Multiple Natures – Fibrous Tower in Taichung, Taiwan by soma (designed with Rhino and Grasshopper)

March 3rd, 2012 by Sumit Singhal

Article source: soma

A new tower typology
The Taiwan Tower will become an innovative landmark people can identify with in present as well as in future times. Therefore the tower should not state a fixed message, but trigger people to invent their own interpretations of the tower’s meaning. To evoke multiply and diverse associations the tower has to be illusive and complex. It will become a dynamic and contemporary landmark that celebrates diversity.


  • Architect: soma
  • Project Name: Multiple Natures – Fibrous Tower
  • Location: Taichung, Taiwan
  • Client: Taichung City Government
  • Use: Observation Tower, Taichung City Museum, park
  • Competition: Taiwan Tower Competition
  • Software used: Rhino, Grasshopper, Processing and Karamba.


  • Consultants:
    • Local Partner: RLA Architects, Taipei
    • Structural Engineer: BollingerGrohmannSchneider ZT GmbH, Vienna
    • Climate: Transsolar, Stuttgart
    • Lighting: agLicht, Bonn/Germany
    • Landscape: Realgrün, Munich
    • Facades: Emmer Pfenninger, Münchenstein/Switzerland
    • Kinetic Elements: KnippersHelbig, Stuttgart


The fibrous tower emerges out of the interplay of many individual members, forming a synergistic whole and thereby establishing a new vertical typology. The structure is dissolved at the bottom allowing the park landscape to flow freely between the tower legs. They create a non-hierarchical open field that is interpreted as a cell pattern. The cells produce the base pattern for the building volumes, squares and green areas as well as networks of paths. Each tower leg fulfills a particular function: the 4 inner legs contain all circulation like panoramic elevators, fire elevator or emergency stairs.

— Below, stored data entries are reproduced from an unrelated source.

(* Let $T$ be a $P$-Petri net, let $F\subseteq P$, let $\rho$ be a $(T,F)$-stabilized $P$-configuration, let $h$ be a positive integer with $h\geq\|T\|_\infty(1+\|T\|_\infty)^{|P|^{|P|}}$, and let $R=\{p\in P\mid\rho(p)<h\}$. Then every $P$-configuration $\alpha$ with $\alpha|_R\leq\rho|_R$ is $(T,F)$-stabilized.
   Context: A $P$-configuration is a map in $\mathbb{N}^P$; $\alpha\leq\beta$ means $\beta=\alpha+\rho$ for some configuration $\rho$ (componentwise order). For a finite set $R$, $\rho|_R$ is the $R$-configuration with $\rho|_R(q)=\rho(q)$ if $q\in P$ and $0$ otherwise. A $P$-Petri net $T$ is a finite set of pairs $t=(\alpha_t,\beta_t)$ of $P$-configurations; $\alpha\xrightarrow{t}\beta$ iff $\alpha=\alpha_t+\rho$, $\beta=\beta_t+\rho$ for some $\rho$; $\alpha\xrightarrow{T^*}\beta$ iff $\beta$ is reachable from $\alpha$ by a finite sequence of such steps with transitions in $T$. $\|T\|_\infty$ is the maximum entry of all $\alpha_t,\beta_t$ for $t\in T$. A $P$-configuration $\rho$ is $(T,F)$-stabilized if every $\beta$ with $\rho\xrightarrow{T^*}\beta$ satisfies $\beta(p)=0$ for all $p\in P\setminus F$. *)

theory Defs
  imports Main
begin

type_synonym 'p config = "'p \<Rightarrow> nat"
type_synonym 'p transition = "'p config \<times> 'p config"

definition is_config :: "'p set \<Rightarrow> 'p config \<Rightarrow> bool" where
  "is_config P \<alpha> \<longleftrightarrow> (\<forall>q. q \<notin> P \<longrightarrow> \<alpha> q = 0)"

definition is_petri_net :: "'p set \<Rightarrow> 'p transition set \<Rightarrow> bool" where
  "is_petri_net P T \<longleftrightarrow> finite T \<and> (\<forall>t\<in>T. is_config P (fst t) \<and> is_config P (snd t))"

definition restr :: "'p set \<Rightarrow> 'p config \<Rightarrow> 'p config" where
  "restr R \<rho> = (\<lambda>q. if q \<in> R then \<rho> q else 0)"

definition fires :: "'p set \<Rightarrow> 'p transition \<Rightarrow> 'p config \<Rightarrow> 'p config \<Rightarrow> bool" where
  "fires P t \<alpha> \<beta> \<longleftrightarrow> (\<exists>\<rho>. is_config P \<rho> \<and> (\<forall>q. \<alpha> q = fst t q + \<rho> q) \<and> (\<forall>q. \<beta> q = snd t q + \<rho> q))"

definition reach :: "'p set \<Rightarrow> 'p transition set \<Rightarrow> 'p config \<Rightarrow> 'p config \<Rightarrow> bool" where
  "reach P T = (\<lambda>\<alpha> \<beta>. \<exists>t\<in>T. fires P t \<alpha> \<beta>)\<^sup>*\<^sup>*"

definition norm_inf :: "'p set \<Rightarrow> 'p transition set \<Rightarrow> nat" where
  "norm_inf P T = Max (insert 0 ({fst t p | t p. t \<in> T \<and> p \<in> P} \<union> {snd t p | t p. t \<in> T \<and> p \<in> P}))"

The outer legs create spaces for intermediate platforms and observatories by expanding. The complex bundle tower produces diverse images and appearances from various distances to invite visitors to explore the depth of its structure. From far distances the individual members merge into a distinctive figure, at closer view the structure is recognized as a bundle of tubes that again split up in sub-tubes. On the intermediate platforms the detailed structure and the kinetic devices become a spectacular part of the exhibition.


Learning from Nature – Evolution of the tower geometry
The potential of natural processes is used to create an evocative and multilayered tower appearance. Algorithms underlying natural processes are applied in digital models to organize multiple members into one per-formative fibrous structure. The design is evolved in a bottom up approach, using swarm intelligence systems. The geometry of the tower emerges as one possible scenario from a solution space created by interactions among and between individual agents.

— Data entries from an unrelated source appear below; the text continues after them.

lemma su11_chain_reflection:
  assumes chain: "su11_chain M \<alpha> \<beta> q p" and unimod: "(cmod \<alpha>)\<^sup>2 - (cmod \<beta>)\<^sup>2 = 1"
    and "q 0 = 1" and "p M = 0"
  defines "\<zeta> \<equiv> Re (chebU' M (of_real (Re \<alpha>)))"
  shows "(cmod (p 0))\<^sup>2 = (cmod \<beta>)\<^sup>2 * \<zeta>\<^sup>2 / (1 + (cmod \<beta>)\<^sup>2 * \<zeta>\<^sup>2)"
proof (cases M)
  case 0
  then show ?thesis using \<open>p M = 0\<close> by (simp add: \<zeta>_def)
next
  case (Suc m)
  define x where "x = Re \<alpha>"
  define \<zeta>' where "\<zeta>' = Re (chebU' m (of_real x))"
  have \<zeta>_real: "chebU' M (of_real x) = of_real \<zeta>" and \<zeta>'_real: "chebU' m (of_real x) = of_real \<zeta>'"
    using chebU'_real[of "of_real x"] by (simp_all add: \<zeta>_def \<zeta>'_def x_def)
  have "p M = chebU' M (of_real x) * p 1 - chebU' m (of_real x) * p 0"
    using chebyshev_recurrence_solution[where y = p and t = "of_real x" and n = m and M = M]
      su11_chain_second_order[OF chain unimod]
    by (simp add: Suc x_def)
  moreover have "p 1 = cnj \<beta> + cnj \<alpha> * p 0"
    using chain \<open>q 0 = 1\<close> by (simp add: su11_chain_def Suc)
  ultimately have amplitude: "p 0 * (of_real \<zeta> * cnj \<alpha> - of_real \<zeta>') = - of_real \<zeta> * cnj \<beta>"
    using \<open>p M = 0\<close> \<zeta>_real \<zeta>'_real by (simp add: algebra_simps)
  have "complex_of_real (\<zeta>\<^sup>2 - 2 * x * \<zeta> * \<zeta>' + \<zeta>'\<^sup>2) = 1"
    using chebU'_cassini[of m "of_real x"] unfolding Suc[symmetric] \<zeta>_real \<zeta>'_real by simp
  then have cassini: "\<zeta>\<^sup>2 - 2 * x * \<zeta> * \<zeta>' + \<zeta>'\<^sup>2 = 1"
    using of_real_eq_1_iff by blast
  have "(cmod (of_real \<zeta> * cnj \<alpha> - of_real \<zeta>'))\<^sup>2
      = \<zeta>\<^sup>2 * (cmod \<alpha>)\<^sup>2 - 2 * x * \<zeta> * \<zeta>' + \<zeta>'\<^sup>2"
    unfolding cmod_power2 by (simp add: x_def power2_eq_square algebra_simps)
  also have "\<dots> = 1 + (cmod \<beta>)\<^sup>2 * \<zeta>\<^sup>2"
    using cassini unimod by (simp add: algebra_simps)
  finally have "(cmod (p 0))\<^sup>2 * (1 + (cmod \<beta>)\<^sup>2 * \<zeta>\<^sup>2) = (cmod \<beta>)\<^sup>2 * \<zeta>\<^sup>2"
    using arg_cong[OF amplitude, of "\<lambda>w. (cmod w)\<^sup>2"]
    by (simp add: norm_mult power_mult_distrib)
  moreover have "1 + (cmod \<beta>)\<^sup>2 * \<zeta>\<^sup>2 > 0"
    by (simp add: add_pos_nonneg)
  ultimately show ?thesis
    by (simp add: eq_divide_eq)
qed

The results were overlaid with functional requirements and further developed with the help of evolutionary structural software. Taiwan Tower will be a showcase for future architecture that learns from nature and deploys its underlying principles. At the Eco-laboratories visitors can observe how piezoelectric halms produce energy by movement and transform them into light at night, resembling floating swarms of particles.

The bio-mimetic lamellas adapt to weather conditions by opening and closing and protect the visitors from sun and wind. They are up to 20 meter high, but move in an almost weightless way, triggered by minimal energy and inspired by natural opening mechanisms of flowers. The tower itself becomes a fully integrated part of the exhibition; it displays how the responsible use of natural resources can lead to architectural innovation and investigation that speaks to peoples’ imagination and emotions.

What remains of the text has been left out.